§ Requirement: Where the line with "text \<open>The numerical" appears below, start writing out lines exactly, and finish with the line with "add: x_def y_def)", which is included; write out nothing else.

__________

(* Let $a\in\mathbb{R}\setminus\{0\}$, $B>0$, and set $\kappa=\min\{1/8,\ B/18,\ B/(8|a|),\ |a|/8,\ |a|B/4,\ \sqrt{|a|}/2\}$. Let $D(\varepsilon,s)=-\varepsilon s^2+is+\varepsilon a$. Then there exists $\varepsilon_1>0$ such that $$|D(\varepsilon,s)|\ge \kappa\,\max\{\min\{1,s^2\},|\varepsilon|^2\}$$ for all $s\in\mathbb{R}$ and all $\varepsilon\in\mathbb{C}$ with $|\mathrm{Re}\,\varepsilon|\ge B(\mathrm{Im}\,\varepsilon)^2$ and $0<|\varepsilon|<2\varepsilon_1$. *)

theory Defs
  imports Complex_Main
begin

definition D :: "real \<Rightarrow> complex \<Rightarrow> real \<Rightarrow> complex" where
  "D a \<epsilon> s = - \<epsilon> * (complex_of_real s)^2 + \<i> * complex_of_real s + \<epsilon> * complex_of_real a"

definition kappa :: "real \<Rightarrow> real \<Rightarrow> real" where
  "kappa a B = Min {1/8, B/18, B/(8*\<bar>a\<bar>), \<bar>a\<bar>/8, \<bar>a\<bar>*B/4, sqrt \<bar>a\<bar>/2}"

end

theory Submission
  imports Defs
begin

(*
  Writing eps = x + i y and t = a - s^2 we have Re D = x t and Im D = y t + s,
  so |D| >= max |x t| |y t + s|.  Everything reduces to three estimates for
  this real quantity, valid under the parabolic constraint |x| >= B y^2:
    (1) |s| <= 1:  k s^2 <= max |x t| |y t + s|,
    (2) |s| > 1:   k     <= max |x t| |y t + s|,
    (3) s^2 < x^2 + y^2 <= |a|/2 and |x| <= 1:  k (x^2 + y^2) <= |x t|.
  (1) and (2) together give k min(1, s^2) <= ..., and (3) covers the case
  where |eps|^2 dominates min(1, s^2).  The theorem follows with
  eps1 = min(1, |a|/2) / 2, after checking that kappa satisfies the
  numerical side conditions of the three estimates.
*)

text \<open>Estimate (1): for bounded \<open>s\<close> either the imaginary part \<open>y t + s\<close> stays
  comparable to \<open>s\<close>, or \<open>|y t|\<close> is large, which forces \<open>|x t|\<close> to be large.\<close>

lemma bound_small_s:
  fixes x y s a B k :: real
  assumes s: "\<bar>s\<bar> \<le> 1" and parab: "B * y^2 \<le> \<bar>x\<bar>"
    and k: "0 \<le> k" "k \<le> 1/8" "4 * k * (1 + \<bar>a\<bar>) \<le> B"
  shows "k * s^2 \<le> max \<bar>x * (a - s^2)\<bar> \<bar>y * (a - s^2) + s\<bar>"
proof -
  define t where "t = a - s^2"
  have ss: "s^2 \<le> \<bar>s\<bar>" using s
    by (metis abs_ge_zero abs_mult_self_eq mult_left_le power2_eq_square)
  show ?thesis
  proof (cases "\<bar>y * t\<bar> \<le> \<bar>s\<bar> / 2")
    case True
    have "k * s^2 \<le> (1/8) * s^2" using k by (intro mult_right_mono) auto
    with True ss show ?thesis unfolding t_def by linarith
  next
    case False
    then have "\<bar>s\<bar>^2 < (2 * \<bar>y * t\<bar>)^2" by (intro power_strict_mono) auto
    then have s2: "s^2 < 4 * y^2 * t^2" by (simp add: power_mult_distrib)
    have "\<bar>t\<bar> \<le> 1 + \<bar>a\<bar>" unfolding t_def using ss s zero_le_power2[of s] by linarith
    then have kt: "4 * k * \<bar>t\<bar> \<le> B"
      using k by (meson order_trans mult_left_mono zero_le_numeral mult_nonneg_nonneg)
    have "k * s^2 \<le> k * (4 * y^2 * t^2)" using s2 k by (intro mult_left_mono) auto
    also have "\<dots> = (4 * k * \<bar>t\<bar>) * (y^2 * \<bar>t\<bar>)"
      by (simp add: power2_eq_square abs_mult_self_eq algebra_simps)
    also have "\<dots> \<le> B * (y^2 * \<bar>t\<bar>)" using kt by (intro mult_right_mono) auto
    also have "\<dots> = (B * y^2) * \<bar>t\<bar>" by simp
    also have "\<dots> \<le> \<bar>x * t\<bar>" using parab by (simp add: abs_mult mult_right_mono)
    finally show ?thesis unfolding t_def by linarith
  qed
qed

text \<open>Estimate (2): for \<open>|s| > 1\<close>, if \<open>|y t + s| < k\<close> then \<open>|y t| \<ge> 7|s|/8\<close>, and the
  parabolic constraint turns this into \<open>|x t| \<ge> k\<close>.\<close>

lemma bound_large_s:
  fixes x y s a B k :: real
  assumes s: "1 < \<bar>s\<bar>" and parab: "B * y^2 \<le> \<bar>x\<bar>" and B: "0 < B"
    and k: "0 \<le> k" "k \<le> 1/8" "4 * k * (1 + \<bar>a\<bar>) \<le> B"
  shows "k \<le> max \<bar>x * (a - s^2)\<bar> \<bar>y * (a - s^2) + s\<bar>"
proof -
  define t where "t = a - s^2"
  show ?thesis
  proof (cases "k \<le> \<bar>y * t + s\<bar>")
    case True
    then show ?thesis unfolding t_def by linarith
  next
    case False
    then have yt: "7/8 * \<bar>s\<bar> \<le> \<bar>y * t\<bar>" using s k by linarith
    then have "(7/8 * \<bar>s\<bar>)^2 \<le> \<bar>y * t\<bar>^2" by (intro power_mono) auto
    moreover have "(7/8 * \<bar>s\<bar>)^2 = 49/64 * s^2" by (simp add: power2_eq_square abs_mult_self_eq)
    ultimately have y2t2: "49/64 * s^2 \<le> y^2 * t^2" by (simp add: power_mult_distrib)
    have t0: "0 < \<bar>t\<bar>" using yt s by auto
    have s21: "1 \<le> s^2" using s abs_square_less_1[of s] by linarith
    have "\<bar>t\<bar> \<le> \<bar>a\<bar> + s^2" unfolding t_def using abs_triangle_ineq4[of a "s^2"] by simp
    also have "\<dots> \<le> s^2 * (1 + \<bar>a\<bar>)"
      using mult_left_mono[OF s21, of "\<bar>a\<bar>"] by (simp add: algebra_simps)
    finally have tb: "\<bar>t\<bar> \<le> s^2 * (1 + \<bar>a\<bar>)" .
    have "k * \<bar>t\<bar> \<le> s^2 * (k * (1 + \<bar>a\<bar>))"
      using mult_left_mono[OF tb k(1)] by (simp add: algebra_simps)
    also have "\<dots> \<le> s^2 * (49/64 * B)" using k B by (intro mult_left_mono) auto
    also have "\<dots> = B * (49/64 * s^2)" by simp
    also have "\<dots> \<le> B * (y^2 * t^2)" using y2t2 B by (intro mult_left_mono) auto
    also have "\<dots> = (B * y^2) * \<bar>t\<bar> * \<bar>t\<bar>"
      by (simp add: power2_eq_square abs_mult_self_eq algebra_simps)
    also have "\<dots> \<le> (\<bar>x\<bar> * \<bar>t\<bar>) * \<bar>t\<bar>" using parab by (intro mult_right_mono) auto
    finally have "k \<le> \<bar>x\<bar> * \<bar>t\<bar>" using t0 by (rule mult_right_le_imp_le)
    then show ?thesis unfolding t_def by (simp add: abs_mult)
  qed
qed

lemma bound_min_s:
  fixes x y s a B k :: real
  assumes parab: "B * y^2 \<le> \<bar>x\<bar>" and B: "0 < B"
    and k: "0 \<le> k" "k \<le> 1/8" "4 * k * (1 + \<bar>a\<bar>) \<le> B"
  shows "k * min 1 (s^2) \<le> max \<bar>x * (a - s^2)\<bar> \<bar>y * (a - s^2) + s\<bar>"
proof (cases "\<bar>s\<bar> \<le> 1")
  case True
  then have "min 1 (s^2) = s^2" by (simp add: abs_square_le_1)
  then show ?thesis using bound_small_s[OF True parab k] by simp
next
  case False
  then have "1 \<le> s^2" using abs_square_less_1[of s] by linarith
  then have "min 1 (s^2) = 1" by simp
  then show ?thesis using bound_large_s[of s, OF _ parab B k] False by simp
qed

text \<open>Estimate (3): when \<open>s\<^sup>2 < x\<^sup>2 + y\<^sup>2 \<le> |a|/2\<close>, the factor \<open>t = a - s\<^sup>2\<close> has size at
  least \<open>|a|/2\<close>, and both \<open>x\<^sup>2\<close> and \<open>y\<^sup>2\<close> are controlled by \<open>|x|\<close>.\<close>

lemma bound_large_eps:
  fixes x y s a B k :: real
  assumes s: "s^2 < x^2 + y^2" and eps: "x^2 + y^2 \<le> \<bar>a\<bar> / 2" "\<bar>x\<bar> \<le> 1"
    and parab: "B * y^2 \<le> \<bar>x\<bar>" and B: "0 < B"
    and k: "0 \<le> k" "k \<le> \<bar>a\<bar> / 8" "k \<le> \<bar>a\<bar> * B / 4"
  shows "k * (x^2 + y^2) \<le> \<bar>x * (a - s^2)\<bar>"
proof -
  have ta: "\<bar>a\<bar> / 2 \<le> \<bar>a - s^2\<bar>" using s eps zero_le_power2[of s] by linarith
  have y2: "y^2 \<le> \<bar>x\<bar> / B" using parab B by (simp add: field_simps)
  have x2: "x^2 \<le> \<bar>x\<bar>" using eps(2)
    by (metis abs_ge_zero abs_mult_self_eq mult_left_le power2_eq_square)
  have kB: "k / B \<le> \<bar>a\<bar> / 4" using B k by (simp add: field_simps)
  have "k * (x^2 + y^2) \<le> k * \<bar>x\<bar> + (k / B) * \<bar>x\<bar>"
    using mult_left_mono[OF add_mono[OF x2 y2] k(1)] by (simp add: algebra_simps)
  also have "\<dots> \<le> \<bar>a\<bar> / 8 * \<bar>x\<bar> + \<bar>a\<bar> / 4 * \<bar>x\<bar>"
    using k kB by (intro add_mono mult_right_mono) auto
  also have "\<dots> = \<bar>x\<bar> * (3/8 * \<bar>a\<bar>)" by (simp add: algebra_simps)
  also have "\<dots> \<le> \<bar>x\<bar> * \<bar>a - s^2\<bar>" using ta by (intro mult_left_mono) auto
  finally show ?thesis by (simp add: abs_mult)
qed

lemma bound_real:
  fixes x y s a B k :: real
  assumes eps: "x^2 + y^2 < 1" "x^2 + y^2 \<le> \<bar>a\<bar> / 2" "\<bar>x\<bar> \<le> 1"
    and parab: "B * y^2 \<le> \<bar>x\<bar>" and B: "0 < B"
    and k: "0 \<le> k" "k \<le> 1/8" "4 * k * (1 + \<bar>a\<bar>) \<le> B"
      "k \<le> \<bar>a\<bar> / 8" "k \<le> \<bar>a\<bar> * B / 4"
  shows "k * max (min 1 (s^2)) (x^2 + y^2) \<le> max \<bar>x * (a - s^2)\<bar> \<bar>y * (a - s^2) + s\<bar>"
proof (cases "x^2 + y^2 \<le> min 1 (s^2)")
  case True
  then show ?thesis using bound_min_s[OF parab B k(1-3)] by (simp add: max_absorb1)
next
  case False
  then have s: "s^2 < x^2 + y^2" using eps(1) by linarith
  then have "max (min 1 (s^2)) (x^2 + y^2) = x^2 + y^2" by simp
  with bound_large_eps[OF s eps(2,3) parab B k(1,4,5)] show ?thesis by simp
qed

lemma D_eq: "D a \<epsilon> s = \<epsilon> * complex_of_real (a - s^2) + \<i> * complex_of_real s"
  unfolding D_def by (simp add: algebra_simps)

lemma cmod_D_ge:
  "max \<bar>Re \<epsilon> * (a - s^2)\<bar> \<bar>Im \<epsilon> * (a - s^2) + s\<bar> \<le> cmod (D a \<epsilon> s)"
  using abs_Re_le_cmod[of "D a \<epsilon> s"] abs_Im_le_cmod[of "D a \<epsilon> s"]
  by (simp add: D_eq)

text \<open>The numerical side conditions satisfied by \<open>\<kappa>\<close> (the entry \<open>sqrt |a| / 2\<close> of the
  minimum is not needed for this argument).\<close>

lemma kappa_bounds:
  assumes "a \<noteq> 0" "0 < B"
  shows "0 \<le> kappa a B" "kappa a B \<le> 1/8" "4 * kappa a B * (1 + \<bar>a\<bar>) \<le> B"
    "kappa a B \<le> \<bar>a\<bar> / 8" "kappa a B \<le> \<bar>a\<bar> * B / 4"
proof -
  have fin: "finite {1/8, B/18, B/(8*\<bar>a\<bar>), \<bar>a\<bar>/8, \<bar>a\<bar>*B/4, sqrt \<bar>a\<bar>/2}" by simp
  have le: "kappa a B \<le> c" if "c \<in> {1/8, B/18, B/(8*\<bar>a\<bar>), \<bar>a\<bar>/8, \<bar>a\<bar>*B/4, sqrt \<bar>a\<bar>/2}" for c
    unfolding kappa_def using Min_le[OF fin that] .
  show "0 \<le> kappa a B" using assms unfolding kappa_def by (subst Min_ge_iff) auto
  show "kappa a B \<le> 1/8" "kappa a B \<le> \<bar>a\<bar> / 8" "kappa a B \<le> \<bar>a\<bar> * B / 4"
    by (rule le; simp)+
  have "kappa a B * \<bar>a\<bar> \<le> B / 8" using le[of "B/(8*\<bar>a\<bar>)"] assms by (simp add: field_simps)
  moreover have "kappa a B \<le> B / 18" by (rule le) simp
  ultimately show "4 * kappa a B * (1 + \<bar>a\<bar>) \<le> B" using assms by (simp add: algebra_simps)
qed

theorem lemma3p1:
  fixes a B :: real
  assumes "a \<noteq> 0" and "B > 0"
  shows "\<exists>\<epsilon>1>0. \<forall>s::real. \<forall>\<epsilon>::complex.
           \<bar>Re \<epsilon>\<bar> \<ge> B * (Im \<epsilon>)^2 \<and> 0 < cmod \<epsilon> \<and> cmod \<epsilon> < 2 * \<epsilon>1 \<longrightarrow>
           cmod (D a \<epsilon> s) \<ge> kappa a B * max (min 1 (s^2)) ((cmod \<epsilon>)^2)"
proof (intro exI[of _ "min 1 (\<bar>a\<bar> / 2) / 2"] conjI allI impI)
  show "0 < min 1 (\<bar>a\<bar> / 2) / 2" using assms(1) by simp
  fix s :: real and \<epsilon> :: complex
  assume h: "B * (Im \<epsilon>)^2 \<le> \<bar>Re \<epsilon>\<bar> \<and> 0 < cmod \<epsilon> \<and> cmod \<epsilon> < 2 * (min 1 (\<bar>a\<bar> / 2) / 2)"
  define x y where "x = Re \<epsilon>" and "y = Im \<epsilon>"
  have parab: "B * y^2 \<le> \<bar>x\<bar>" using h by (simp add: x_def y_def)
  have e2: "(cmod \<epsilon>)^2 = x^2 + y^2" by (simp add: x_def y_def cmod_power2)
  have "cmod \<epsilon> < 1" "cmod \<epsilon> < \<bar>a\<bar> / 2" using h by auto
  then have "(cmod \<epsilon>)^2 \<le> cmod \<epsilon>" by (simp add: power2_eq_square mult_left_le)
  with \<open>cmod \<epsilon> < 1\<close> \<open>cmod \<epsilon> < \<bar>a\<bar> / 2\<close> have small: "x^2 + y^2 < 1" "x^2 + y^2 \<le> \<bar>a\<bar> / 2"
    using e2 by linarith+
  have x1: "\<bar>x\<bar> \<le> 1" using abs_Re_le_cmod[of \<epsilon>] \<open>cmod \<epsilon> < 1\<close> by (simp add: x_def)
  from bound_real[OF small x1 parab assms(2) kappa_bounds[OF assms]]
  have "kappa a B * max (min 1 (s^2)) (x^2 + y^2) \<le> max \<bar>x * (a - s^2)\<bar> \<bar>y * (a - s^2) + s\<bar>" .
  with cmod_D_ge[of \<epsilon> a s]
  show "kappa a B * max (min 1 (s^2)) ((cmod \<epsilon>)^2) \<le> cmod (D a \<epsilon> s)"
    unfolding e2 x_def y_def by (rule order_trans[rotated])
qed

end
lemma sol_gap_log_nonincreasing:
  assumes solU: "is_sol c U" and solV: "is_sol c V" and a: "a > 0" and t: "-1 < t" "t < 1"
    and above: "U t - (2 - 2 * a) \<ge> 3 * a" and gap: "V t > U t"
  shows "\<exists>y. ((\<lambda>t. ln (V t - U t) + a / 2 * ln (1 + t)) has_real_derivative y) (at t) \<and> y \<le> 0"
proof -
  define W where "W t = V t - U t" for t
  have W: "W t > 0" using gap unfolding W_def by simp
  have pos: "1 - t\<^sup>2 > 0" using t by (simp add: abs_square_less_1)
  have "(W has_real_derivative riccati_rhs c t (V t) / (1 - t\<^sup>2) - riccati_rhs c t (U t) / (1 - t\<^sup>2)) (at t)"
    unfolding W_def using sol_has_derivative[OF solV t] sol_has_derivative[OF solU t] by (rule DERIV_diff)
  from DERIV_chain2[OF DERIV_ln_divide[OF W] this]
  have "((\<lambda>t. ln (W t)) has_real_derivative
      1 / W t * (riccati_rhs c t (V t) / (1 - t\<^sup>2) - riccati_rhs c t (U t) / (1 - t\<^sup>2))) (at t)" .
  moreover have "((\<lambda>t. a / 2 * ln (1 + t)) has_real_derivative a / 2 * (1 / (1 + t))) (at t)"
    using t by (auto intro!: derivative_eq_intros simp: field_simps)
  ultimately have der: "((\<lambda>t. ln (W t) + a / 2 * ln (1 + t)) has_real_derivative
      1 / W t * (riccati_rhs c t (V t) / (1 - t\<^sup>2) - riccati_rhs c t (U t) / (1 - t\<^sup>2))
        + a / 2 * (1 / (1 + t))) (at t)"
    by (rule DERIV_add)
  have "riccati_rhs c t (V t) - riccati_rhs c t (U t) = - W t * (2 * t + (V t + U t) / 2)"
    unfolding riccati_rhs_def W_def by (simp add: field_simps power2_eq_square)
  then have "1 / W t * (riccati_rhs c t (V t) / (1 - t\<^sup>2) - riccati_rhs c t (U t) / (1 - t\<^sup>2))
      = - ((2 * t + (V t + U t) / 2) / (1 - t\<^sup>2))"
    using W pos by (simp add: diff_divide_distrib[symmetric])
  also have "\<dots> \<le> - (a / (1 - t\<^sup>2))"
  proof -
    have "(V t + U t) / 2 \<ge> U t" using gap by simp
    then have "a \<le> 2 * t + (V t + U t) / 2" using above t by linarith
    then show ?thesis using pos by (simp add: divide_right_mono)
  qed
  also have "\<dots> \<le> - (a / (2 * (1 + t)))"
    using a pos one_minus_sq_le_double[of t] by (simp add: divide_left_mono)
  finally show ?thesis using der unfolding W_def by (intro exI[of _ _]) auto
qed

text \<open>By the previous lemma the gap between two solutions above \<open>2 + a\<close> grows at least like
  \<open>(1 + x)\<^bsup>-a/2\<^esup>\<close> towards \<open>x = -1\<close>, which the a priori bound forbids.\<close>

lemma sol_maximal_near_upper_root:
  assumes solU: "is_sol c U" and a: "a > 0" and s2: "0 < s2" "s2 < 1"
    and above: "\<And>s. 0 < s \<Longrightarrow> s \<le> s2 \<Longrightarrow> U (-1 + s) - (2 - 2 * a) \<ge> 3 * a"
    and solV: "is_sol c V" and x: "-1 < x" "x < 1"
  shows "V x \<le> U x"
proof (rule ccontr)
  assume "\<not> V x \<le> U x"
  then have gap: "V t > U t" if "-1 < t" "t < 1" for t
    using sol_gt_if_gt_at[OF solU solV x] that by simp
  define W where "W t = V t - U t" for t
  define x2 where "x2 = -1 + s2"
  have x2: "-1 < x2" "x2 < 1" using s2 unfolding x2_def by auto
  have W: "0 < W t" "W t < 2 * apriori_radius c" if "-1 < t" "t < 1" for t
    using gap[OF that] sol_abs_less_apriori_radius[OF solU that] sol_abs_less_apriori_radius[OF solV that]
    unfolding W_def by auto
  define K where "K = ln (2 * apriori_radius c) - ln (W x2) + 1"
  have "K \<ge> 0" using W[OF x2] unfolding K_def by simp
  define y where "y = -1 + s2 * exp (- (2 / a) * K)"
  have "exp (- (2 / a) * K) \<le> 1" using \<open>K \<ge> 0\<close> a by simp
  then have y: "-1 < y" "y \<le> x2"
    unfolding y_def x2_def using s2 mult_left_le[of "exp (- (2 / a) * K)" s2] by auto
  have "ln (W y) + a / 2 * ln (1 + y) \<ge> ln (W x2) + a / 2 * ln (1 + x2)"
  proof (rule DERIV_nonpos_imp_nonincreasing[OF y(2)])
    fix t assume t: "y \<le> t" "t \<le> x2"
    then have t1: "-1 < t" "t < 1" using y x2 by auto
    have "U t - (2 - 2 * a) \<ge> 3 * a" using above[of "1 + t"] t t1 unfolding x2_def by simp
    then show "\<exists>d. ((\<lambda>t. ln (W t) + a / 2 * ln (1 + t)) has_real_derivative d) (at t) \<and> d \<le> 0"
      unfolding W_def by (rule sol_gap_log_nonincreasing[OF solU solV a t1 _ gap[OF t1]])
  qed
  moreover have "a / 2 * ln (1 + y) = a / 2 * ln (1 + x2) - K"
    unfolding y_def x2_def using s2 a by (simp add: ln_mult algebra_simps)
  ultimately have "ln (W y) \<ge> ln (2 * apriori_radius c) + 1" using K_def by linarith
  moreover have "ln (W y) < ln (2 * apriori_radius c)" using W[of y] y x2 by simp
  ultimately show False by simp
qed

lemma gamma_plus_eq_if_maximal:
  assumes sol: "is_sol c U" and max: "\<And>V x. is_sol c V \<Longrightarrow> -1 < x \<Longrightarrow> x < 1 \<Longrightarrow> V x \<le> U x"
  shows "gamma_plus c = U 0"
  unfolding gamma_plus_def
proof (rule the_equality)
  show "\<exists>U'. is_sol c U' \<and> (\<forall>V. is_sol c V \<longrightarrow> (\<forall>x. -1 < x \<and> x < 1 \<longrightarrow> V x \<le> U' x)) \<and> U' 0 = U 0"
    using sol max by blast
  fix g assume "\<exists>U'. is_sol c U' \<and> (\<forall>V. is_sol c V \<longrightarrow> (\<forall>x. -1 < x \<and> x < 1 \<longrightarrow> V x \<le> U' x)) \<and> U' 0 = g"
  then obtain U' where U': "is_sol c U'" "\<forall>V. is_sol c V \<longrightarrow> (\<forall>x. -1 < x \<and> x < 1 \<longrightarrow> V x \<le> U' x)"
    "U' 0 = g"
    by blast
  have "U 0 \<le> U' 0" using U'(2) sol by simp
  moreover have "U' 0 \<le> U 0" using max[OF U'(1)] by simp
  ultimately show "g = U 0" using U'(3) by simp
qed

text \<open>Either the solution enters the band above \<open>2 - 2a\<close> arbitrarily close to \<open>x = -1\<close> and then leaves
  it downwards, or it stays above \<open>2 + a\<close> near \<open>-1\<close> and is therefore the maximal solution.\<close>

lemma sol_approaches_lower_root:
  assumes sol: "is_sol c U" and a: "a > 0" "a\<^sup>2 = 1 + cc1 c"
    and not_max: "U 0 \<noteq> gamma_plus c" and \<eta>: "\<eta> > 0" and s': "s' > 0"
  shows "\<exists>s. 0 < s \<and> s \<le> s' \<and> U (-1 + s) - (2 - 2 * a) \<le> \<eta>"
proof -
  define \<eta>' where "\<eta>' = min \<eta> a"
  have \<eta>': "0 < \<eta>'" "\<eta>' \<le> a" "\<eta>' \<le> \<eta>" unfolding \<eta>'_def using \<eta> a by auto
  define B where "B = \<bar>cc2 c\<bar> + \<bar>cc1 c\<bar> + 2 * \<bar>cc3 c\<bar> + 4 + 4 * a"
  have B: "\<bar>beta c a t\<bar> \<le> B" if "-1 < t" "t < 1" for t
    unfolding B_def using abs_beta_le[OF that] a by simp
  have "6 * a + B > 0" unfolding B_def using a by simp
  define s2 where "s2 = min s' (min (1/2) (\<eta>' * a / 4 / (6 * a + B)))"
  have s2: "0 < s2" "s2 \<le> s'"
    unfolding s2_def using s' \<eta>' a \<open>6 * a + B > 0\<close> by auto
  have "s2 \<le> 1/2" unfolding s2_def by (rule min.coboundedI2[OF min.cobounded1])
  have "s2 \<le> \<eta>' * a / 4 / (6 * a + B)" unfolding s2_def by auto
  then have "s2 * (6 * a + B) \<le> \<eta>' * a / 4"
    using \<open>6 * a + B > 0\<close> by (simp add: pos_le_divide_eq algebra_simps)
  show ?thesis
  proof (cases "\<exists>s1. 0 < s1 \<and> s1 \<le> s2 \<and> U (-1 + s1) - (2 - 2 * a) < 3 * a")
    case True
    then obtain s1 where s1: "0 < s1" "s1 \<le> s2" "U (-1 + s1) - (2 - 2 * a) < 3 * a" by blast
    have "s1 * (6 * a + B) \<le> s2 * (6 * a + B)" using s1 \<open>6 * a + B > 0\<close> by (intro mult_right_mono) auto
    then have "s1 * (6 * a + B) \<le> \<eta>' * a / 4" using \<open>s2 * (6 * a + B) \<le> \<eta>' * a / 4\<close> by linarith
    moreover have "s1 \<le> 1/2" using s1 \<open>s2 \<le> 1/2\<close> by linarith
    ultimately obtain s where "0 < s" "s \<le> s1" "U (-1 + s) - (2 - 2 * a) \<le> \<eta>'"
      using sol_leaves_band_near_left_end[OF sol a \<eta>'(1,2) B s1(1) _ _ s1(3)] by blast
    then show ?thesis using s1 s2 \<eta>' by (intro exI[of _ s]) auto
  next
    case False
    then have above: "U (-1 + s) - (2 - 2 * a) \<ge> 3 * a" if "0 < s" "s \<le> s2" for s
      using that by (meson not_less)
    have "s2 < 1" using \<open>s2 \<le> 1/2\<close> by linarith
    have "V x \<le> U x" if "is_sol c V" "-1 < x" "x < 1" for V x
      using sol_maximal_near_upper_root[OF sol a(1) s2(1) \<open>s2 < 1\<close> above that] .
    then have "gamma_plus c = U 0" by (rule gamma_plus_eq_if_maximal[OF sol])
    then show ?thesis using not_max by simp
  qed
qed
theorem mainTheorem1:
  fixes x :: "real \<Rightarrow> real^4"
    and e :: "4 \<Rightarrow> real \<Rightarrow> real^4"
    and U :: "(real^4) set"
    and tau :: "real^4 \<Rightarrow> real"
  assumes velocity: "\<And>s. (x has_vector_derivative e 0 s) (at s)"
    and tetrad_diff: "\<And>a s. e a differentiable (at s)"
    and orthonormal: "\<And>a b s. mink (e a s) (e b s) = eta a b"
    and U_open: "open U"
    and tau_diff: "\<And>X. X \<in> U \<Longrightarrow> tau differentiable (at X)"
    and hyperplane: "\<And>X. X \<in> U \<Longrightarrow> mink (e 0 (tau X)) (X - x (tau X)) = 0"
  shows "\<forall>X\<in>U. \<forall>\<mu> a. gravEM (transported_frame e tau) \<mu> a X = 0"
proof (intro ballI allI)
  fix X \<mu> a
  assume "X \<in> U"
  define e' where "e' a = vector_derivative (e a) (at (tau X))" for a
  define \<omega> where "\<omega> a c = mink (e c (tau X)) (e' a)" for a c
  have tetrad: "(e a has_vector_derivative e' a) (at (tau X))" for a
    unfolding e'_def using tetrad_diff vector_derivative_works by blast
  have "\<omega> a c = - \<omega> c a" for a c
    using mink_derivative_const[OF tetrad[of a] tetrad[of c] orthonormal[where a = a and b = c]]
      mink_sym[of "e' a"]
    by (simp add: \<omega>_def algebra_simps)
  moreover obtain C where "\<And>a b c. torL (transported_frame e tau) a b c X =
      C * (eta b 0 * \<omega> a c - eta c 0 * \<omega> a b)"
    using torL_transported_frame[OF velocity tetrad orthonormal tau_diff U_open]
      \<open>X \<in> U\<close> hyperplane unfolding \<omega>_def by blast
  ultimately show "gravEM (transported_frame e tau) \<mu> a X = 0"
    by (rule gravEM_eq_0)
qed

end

__________

§ Solved exercise:
text \<open>The numerical side conditions satisfied by \<open>\<kappa>\<close> (the entry \<open>sqrt |a| / 2\<close> of the
  minimum is not needed for this argument).\<close>

lemma kappa_bounds:
  assumes "a \<noteq> 0" "0 < B"
  shows "0 \<le> kappa a B" "kappa a B \<le> 1/8" "4 * kappa a B * (1 + \<bar>a\<bar>) \<le> B"
    "kappa a B \<le> \<bar>a\<bar> / 8" "kappa a B \<le> \<bar>a\<bar> * B / 4"
proof -
  have fin: "finite {1/8, B/18, B/(8*\<bar>a\<bar>), \<bar>a\<bar>/8, \<bar>a\<bar>*B/4, sqrt \<bar>a\<bar>/2}" by simp
  have le: "kappa a B \<le> c" if "c \<in> {1/8, B/18, B/(8*\<bar>a\<bar>), \<bar>a\<bar>/8, \<bar>a\<bar>*B/4, sqrt \<bar>a\<bar>/2}" for c
    unfolding kappa_def using Min_le[OF fin that] .
  show "0 \<le> kappa a B" using assms unfolding kappa_def by (subst Min_ge_iff) auto
  show "kappa a B \<le> 1/8" "kappa a B \<le> \<bar>a\<bar> / 8" "kappa a B \<le> \<bar>a\<bar> * B / 4"
    by (rule le; simp)+
  have "kappa a B * \<bar>a\<bar> \<le> B / 8" using le[of "B/(8*\<bar>a\<bar>)"] assms by (simp add: field_simps)
  moreover have "kappa a B \<le> B / 18" by (rule le) simp
  ultimately show "4 * kappa a B * (1 + \<bar>a\<bar>) \<le> B" using assms by (simp add: algebra_simps)
qed

theorem lemma3p1:
  fixes a B :: real
  assumes "a \<noteq> 0" and "B > 0"
  shows "\<exists>\<epsilon>1>0. \<forall>s::real. \<forall>\<epsilon>::complex.
           \<bar>Re \<epsilon>\<bar> \<ge> B * (Im \<epsilon>)^2 \<and> 0 < cmod \<epsilon> \<and> cmod \<epsilon> < 2 * \<epsilon>1 \<longrightarrow>
           cmod (D a \<epsilon> s) \<ge> kappa a B * max (min 1 (s^2)) ((cmod \<epsilon>)^2)"
proof (intro exI[of _ "min 1 (\<bar>a\<bar> / 2) / 2"] conjI allI impI)
  show "0 < min 1 (\<bar>a\<bar> / 2) / 2" using assms(1) by simp
  fix s :: real and \<epsilon> :: complex
  assume h: "B * (Im \<epsilon>)^2 \<le> \<bar>Re \<epsilon>\<bar> \<and> 0 < cmod \<epsilon> \<and> cmod \<epsilon> < 2 * (min 1 (\<bar>a\<bar> / 2) / 2)"
  define x y where "x = Re \<epsilon>" and "y = Im \<epsilon>"
  have parab: "B * y^2 \<le> \<bar>x\<bar>" using h by (simp add: x_def y_def)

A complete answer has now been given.